Would Messi qualify for your team?
If you have worked for large organizations, you will have come across the competency model. You will have discovered that humans are ranked according to a pre-set group of competencies, or qualities that you are meant to demonstrate in order to excel in your job.
What are these competencies? Things like customer focus, teamwork, goal orientation, business acumen, technical skills, strategic thinking and the like. Your leaders, in their wisdom, will have chosen a set that matters in your organization, and that can measure your overall prowess. You will now be rated by others on these, and the ideal employee is expected to score highly across all competencies. The best people are supposed to be well-rounded, you see.
If you score highly across the board you become a candidate for promotion. If you have gaps, your learning needs will be recorded and training programmes recommended.
It all seems to be very robust and scientific.
But let me digress. Have you ever seen Lionel Messi play? He is a sight to behold when in full flight with the football. A true master of ball control and intelligent movement – to some, the greatest footballer ever.
Here’s the thing about Messi though: he’s one of the most one-footed players ever. Almost everything he does is with his left foot – in fact, his ratio of strong-foot to weak-foot usage is around 10 to 1. His opponents know this – and they still can’t stop him.
A question for you: if you were assembling a football team, would you want Lionel Messi on it? If you were using a competency model, you would require all your players to use both feet and their heads, to have speed as well as guile, to be great at quick decision-making, to be of minimum height, to be unselfish when passing, to follow the manager’s instructions to the fullest, etc. And Messi would not qualify on several competencies.
This example is explained beautifully in the one of most contrarian management tomes of recent times, Nine Lies About Work, by Marcus Buckingham and Ashley Goodall.
Let me add another example. The footballer Ronaldinho was a sheer delight to watch when at his peak some years back. An unearthly master of ball control and utter artistry. Who would not have wanted him to grace their pitch? He would provide moments of complete ecstasy to the fans. And yet he would have failed the competency model. He was moody, ill-disciplined and idiosyncratic. There was no point in expecting him to follow any pre-set game-plan. You had to just let Ronaldinho…be.
The best coaches don’t follow competency models. They build their style of play around the unique artistry of their best players. So what happens to corporate leaders, ask Buckingham and Goodall?
Studies show that requiring people to demonstrate competence across all categories is a fool’s errand. The best performers tend to excel in a narrow set of competencies – they are really, really good at some things – and pretty average at others. And that’s OK. In the authors’ words:
“In the real world, each of us, imperfect as we are, strives to make the most of the unique mix of traits and skills with which we’ve been blessed. Those of us who do this best – who find what we love about what we do, and cultivate this love with intelligence and discipline – are the ones who contribute most. The best people are not well-rounded, finding fulfilment in their uniform ability. Quite the opposite, in fact – the best people are spiky…”

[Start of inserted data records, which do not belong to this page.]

text \<open>The closure clause is the invariant that allows a top digit 2 in the next step.\<close>

lemma CG_valid_exists:
  assumes "n < fib (2 * Suc j)"
  shows "\<exists>c. CG_valid c \<and> (\<forall>i>j. c i = 0) \<and> CG_value c j = n \<and>
    (n < fib (2 * j + 1) \<longrightarrow> CG_closed c j)"
  using assms
proof (induction j arbitrary: n)
  case 0
  have "CG_valid (\<lambda>_. 0)" "CG_closed (\<lambda>_. 0) 0" by (simp_all add: CG_valid_def CG_closed_def)
  then show ?case using "0.prems" by (intro exI[of _ "\<lambda>_. 0"]) (simp add: CG_value_def)
next
  case (Suc j)
  define F where "F = fib (2 * Suc j)"
  have extend: "\<exists>c'. CG_valid c' \<and> (\<forall>i>Suc j. c' i = 0) \<and> CG_value c' (Suc j) = r + v * F \<and>
      (v = 0 \<or> v = 1 \<and> r < fib (2 * j + 1) \<longrightarrow> CG_closed c' (Suc j))"
    if r: "r < F" and v: "v \<le> 2" "v = 2 \<Longrightarrow> r < fib (2 * j + 1)" for r v
  proof -
    obtain c where c: "CG_valid c" "\<forall>i>j. c i = 0" "CG_value c j = r"
        "r < fib (2 * j + 1) \<longrightarrow> CG_closed c j"
      using Suc.IH[of r] r unfolding F_def by blast
    have "CG_closed (c(Suc j := v)) (Suc j) \<longleftrightarrow> v = 0 \<or> v \<noteq> 2 \<and> CG_closed c j"
      using CG_closed_Suc_iff[of "c(Suc j := v)" j] CG_closed_cong[of j "c(Suc j := v)" c] by simp
    moreover have "CG_valid (c(Suc j := v))"
      using CG_valid_upd_top[OF c(1,2) v(1)] c(4) v(2) by blast
    moreover have "\<forall>i>Suc j. (c(Suc j := v)) i = 0" using c(2) by simp
    ultimately show ?thesis
      using c(3,4) CG_value_upd_Suc[of c j v] unfolding F_def by (intro exI[of _ "c(Suc j := v)"]) auto
  qed
  have fibs: "fib (2 * Suc (Suc j)) = fib (2 * Suc j + 1) + F" "fib (2 * Suc j + 1) = F + fib (2 * j + 1)"
    "fib (2 * j + 1) \<le> F"
    unfolding F_def by (simp_all add: fib_even_Suc fib_odd_Suc)
  consider "n < F" | "F \<le> n" "n < 2 * F" | "2 * F \<le> n" by linarith
  then show ?case
  proof cases
    case 1
    then show ?thesis using extend[of n 0] by fastforce
  next
    case 2
    then have "n - F < F" by linarith
    then obtain c where c: "CG_valid c" "\<forall>i>Suc j. c i = 0" "CG_value c (Suc j) = n"
        "n - F < fib (2 * j + 1) \<longrightarrow> CG_closed c (Suc j)"
      using extend[of "n - F" 1] 2 by auto
    moreover have "n < fib (2 * Suc j + 1) \<longrightarrow> n - F < fib (2 * j + 1)"
      using fibs(2) 2 by auto
    ultimately show ?thesis by blast
  next
    case 3
    have "n - 2 * F < fib (2 * j + 1)" using 3 Suc.prems fibs by linarith
    then obtain c where "CG_valid c" "\<forall>i>Suc j. c i = 0" "CG_value c (Suc j) = n"
      using extend[of "n - 2 * F" 2] 3 fibs(3) by auto
    moreover have "\<not> n < fib (2 * Suc j + 1)" using 3 fibs(2,3) by linarith
    ultimately show ?thesis by blast
  qed
qed

lemma sum_support_eq_CG_value:
  assumes "\<forall>i>j. c i = 0"
  shows "(\<Sum>i\<in>{i. c i \<noteq> 0}. c i * fib (2 * i)) = CG_value c j"
  unfolding CG_value_def
proof (rule sum.mono_neutral_left)
  show "{i. c i \<noteq> 0} \<subseteq> {..j}" using assms by (auto simp: not_less[symmetric])
qed simp_all

lemma is_CG_rep_altdef:
  "is_CG_rep n c \<longleftrightarrow> CG_valid c \<and> finite {i. c i \<noteq> 0} \<and>
     n = (\<Sum>i\<in>{i. c i \<noteq> 0}. c i * fib (2 * i))"
  unfolding is_CG_rep_def CG_valid_def by blast

lemma is_CG_rep_iff:
  "is_CG_rep n c \<longleftrightarrow> CG_valid c \<and> (\<exists>j. (\<forall>i>j. c i = 0) \<and> n = CG_value c j)"
proof
  assume rep: "is_CG_rep n c"
  then obtain j where "\<forall>i\<in>{i. c i \<noteq> 0}. i \<le> j"
    unfolding is_CG_rep_altdef using finite_nat_set_iff_bounded_le by blast
  then have above: "\<forall>i>j. c i = 0" by (auto simp: not_less[symmetric])
  then show "CG_valid c \<and> (\<exists>j. (\<forall>i>j. c i = 0) \<and> n = CG_value c j)"
    using rep sum_support_eq_CG_value[OF above] unfolding is_CG_rep_altdef by auto
next
  assume "CG_valid c \<and> (\<exists>j. (\<forall>i>j. c i = 0) \<and> n = CG_value c j)"
  then obtain j where valid: "CG_valid c" and above: "\<forall>i>j. c i = 0" and n: "n = CG_value c j"
    by blast
  have "{i. c i \<noteq> 0} \<subseteq> {..j}" using above by (auto simp: not_less[symmetric])
  then have "finite {i. c i \<noteq> 0}" using finite_subset by blast
  then show "is_CG_rep n c"
    using valid n sum_support_eq_CG_value[OF above] unfolding is_CG_rep_altdef by auto
qed

lemma is_CG_rep_unique:
  assumes "is_CG_rep n c" and "is_CG_rep n d"
  shows "c = d"
proof -
  obtain j where c: "CG_valid c" "\<forall>i>j. c i = 0" "n = CG_value c j"
    using assms(1) is_CG_rep_iff by blast
  obtain j' where d: "CG_valid d" "\<forall>i>j'. d i = 0" "n = CG_value d j'"
    using assms(2) is_CG_rep_iff by blast
  have c': "\<forall>i>max j j'. c i = 0" and d': "\<forall>i>max j j'. d i = 0" using c(2) d(2) by simp_all
  have "CG_value c (max j j') = CG_value d (max j j')"
    using c(3) d(3) sum_support_eq_CG_value[OF c(2)] sum_support_eq_CG_value[OF c']
      sum_support_eq_CG_value[OF d(2)] sum_support_eq_CG_value[OF d'] by simp
  moreover have "\<forall>i>max j j'. c i = d i" using c' d' by simp
  ultimately show ?thesis using CG_valid_eqI[OF c(1) d(1)] by blast
qed

lemma CG_coeff_eqI: "is_CG_rep n c \<Longrightarrow> CG_coeff n = c"
  unfolding CG_coeff_def using is_CG_rep_unique by blast

lemma is_CG_rep_CG_coeff: "is_CG_rep n (CG_coeff n)"
proof -
  have "n \<le> fib (2 * n)" using strict_mono_imp_increasing[OF fib_even_strict_mono] by simp
  also have "\<dots> < fib (2 * Suc n)" using strict_monoD[OF fib_even_strict_mono, of n "Suc n"] by simp
  finally obtain c where "CG_valid c" "\<forall>i>n. c i = 0" "CG_value c n = n"
    using CG_valid_exists by blast
  then have "is_CG_rep n c" using is_CG_rep_iff by metis
  then show ?thesis using CG_coeff_eqI by simp
qed

lemma CG_valid_CG_coeff: "CG_valid (CG_coeff n)"
  using is_CG_rep_CG_coeff is_CG_rep_iff by blast

lemma finite_CG_coeff_support: "finite {i. CG_coeff n i \<noteq> 0}"
  using is_CG_rep_CG_coeff unfolding is_CG_rep_altdef by blast

lemma CG_coeff_mult_fib_le: "CG_coeff n i * fib (2 * i) \<le> n"
proof (cases "CG_coeff n i = 0")
  case False
  have "CG_coeff n i * fib (2 * i) \<le> (\<Sum>i\<in>{i. CG_coeff n i \<noteq> 0}. CG_coeff n i * fib (2 * i))"
    by (rule member_le_sum) (use False finite_CG_coeff_support in simp_all)
  also have "\<dots> = n"
    using is_CG_rep_CG_coeff unfolding is_CG_rep_altdef by simp
  finally show ?thesis .
qed simp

The best people are spiky. I stand to applaud.
If I were working in a large organization now, I would hope to do reasonably well in at least two or three of the competencies in the average model – although that too would depend on the idiosyncrasies of those doing the rating. But I know for a fact that I would fail miserably in many a competency – there are things that simply aren’t my strengths, end of story. And so I would not get promoted.
As an employer, I have never looked for well-rounded people. Like Buckingham and Goodall, I know that the best people are spiky – they over-deliver on certain attributes, and are at best average in others. Their competency profile is not a straight line – it is jagged. I look to combine and complement the spikes, and my job as leader is to help the spiky ones work together fruitfully.
Guess what happens when you keep promoting people for being well-rounded? You eventually end up with a leadership team that’s…bang average.
Question: would you be forcing Messi to work more on his right foot?